[Collected data]
########

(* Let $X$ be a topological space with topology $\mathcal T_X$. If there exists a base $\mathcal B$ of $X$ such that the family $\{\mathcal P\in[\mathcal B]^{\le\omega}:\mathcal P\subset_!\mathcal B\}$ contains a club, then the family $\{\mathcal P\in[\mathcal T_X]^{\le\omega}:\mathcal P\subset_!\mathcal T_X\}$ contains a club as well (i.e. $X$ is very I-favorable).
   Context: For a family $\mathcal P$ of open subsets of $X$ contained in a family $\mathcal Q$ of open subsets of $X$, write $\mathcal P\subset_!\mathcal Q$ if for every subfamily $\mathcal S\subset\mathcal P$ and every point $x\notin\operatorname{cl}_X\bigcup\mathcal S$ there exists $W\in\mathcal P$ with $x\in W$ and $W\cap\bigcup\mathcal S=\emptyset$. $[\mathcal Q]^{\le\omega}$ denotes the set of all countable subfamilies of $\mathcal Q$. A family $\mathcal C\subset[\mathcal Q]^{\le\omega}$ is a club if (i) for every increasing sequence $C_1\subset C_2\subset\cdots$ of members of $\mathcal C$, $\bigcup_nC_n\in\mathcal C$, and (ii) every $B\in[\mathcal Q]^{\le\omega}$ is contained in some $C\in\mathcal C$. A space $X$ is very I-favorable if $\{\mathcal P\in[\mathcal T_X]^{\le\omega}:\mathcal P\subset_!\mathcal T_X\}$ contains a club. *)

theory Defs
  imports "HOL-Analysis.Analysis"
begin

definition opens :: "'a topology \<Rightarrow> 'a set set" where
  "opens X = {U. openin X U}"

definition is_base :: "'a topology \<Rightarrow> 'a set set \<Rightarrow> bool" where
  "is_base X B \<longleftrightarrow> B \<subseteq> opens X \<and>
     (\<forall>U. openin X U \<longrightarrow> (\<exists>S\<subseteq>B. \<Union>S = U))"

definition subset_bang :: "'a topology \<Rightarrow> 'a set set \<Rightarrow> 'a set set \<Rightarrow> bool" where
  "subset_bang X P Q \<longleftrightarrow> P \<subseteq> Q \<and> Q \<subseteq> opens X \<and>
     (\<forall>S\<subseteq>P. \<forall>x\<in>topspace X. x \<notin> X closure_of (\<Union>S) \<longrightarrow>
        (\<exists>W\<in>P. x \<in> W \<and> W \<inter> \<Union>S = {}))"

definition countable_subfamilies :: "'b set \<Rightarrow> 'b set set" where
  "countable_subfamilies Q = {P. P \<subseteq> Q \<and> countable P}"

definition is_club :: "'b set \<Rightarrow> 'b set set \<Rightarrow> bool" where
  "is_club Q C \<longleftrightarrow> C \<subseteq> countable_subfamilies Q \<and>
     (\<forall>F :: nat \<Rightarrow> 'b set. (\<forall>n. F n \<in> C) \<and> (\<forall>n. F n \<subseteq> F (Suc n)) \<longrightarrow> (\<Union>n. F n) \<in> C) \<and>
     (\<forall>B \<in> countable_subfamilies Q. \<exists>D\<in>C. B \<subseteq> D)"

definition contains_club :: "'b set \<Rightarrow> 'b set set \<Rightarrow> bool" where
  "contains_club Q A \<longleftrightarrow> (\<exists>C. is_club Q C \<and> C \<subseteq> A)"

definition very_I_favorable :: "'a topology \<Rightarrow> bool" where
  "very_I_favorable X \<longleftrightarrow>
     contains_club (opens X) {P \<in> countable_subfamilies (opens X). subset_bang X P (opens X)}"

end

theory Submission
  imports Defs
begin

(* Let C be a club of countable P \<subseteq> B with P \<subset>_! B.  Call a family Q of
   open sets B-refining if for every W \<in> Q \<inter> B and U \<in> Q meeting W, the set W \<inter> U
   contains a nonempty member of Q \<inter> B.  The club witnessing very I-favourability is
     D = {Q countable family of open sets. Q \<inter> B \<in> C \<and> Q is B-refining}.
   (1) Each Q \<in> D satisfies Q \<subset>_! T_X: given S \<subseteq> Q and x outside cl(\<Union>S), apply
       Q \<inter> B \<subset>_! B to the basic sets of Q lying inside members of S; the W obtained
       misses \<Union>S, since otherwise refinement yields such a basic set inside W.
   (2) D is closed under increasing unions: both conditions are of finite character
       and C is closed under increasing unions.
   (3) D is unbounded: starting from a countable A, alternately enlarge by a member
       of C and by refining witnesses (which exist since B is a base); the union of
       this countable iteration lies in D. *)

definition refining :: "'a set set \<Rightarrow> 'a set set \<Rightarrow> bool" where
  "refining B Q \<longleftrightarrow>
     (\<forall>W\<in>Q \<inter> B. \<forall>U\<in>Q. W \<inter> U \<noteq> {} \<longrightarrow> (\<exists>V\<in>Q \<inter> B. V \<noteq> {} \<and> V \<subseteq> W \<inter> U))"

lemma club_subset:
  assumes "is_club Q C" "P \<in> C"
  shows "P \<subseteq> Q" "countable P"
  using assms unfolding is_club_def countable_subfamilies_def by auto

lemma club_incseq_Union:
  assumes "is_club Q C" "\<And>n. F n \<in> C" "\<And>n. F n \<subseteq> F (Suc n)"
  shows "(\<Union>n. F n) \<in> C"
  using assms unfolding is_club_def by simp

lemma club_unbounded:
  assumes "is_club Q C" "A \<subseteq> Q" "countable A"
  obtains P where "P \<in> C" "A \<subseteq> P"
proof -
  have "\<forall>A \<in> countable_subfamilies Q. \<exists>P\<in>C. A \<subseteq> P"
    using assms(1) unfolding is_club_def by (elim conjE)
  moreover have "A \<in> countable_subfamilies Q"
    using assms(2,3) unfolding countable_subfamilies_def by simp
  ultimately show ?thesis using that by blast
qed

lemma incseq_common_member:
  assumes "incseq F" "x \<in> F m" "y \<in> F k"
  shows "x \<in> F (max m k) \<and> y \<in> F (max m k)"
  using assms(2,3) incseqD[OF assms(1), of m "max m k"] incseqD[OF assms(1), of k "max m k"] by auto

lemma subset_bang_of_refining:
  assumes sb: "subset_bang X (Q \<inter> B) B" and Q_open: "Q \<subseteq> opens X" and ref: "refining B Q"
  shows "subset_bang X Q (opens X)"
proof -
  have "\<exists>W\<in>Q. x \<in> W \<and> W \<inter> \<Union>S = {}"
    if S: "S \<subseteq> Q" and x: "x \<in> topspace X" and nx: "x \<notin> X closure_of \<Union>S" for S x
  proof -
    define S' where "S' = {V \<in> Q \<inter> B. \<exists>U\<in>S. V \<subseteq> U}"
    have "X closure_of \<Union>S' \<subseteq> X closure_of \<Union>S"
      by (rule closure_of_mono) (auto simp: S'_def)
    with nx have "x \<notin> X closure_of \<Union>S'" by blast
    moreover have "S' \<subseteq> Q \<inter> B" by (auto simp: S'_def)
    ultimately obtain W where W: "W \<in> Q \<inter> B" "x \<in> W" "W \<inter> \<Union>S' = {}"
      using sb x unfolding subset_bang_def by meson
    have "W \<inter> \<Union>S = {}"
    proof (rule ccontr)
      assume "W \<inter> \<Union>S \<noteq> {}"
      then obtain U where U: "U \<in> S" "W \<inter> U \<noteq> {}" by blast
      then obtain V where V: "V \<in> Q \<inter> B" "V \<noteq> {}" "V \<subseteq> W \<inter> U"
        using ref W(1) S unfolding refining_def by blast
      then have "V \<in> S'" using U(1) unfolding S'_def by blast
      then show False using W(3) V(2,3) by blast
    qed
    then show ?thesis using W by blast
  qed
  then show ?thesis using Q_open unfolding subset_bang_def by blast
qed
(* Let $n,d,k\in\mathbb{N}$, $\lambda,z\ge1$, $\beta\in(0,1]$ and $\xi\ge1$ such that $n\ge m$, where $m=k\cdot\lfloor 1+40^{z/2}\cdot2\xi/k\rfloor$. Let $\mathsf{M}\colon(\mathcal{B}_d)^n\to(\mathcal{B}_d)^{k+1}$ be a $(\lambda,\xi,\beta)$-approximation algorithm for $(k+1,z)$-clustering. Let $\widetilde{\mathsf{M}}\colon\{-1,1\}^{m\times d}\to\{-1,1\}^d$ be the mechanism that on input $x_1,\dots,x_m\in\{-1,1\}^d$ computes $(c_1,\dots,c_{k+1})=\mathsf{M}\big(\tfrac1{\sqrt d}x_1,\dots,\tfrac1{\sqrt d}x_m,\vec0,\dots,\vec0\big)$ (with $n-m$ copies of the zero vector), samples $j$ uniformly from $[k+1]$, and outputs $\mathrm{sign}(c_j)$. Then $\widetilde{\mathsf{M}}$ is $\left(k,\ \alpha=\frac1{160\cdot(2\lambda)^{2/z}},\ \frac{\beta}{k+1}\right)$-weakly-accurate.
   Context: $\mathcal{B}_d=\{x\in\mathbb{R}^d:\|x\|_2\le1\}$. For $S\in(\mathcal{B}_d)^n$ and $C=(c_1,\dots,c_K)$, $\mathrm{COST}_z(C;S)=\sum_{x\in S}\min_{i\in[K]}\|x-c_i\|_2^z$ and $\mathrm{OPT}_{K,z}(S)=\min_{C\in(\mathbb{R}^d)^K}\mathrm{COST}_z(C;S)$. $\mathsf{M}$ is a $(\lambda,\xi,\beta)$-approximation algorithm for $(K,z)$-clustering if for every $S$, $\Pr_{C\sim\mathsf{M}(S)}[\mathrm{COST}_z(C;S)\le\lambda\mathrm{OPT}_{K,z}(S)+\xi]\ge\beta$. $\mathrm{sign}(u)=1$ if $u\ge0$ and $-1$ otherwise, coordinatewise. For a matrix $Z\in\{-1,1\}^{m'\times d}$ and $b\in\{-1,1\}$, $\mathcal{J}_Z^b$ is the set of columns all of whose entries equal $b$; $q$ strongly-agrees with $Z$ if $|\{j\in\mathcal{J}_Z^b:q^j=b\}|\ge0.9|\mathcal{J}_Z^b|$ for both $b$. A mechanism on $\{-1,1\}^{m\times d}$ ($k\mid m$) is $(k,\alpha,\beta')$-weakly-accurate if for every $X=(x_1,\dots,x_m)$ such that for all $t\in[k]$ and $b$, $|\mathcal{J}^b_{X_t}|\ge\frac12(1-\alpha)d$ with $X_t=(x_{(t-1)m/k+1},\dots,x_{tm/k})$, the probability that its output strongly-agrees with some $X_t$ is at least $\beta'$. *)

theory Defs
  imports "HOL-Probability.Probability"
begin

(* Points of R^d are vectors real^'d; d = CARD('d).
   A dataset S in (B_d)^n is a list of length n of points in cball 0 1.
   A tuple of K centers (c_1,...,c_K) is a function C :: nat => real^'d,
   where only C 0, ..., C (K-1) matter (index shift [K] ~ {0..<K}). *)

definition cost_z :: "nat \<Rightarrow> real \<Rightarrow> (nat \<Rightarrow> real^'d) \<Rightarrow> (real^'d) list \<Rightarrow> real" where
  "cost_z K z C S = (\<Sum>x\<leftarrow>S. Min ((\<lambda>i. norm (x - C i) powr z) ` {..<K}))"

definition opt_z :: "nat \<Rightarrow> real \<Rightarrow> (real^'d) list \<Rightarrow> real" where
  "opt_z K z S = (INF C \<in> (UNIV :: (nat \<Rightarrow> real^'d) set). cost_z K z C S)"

########

■ Try it ■
Retype, exactly as shown, the lines from the one with "A dataset S" through the end of the records.

■ Solution to the problem ■
   A dataset S in (B_d)^n is a list of length n of points in cball 0 1.
   A tuple of K centers (c_1,...,c_K) is a function C :: nat => real^'d,
   where only C 0, ..., C (K-1) matter (index shift [K] ~ {0..<K}). *)

definition cost_z :: "nat \<Rightarrow> real \<Rightarrow> (nat \<Rightarrow> real^'d) \<Rightarrow> (real^'d) list \<Rightarrow> real" where
  "cost_z K z C S = (\<Sum>x\<leftarrow>S. Min ((\<lambda>i. norm (x - C i) powr z) ` {..<K}))"

definition opt_z :: "nat \<Rightarrow> real \<Rightarrow> (real^'d) list \<Rightarrow> real" where
  "opt_z K z S = (INF C \<in> (UNIV :: (nat \<Rightarrow> real^'d) set). cost_z K z C S)"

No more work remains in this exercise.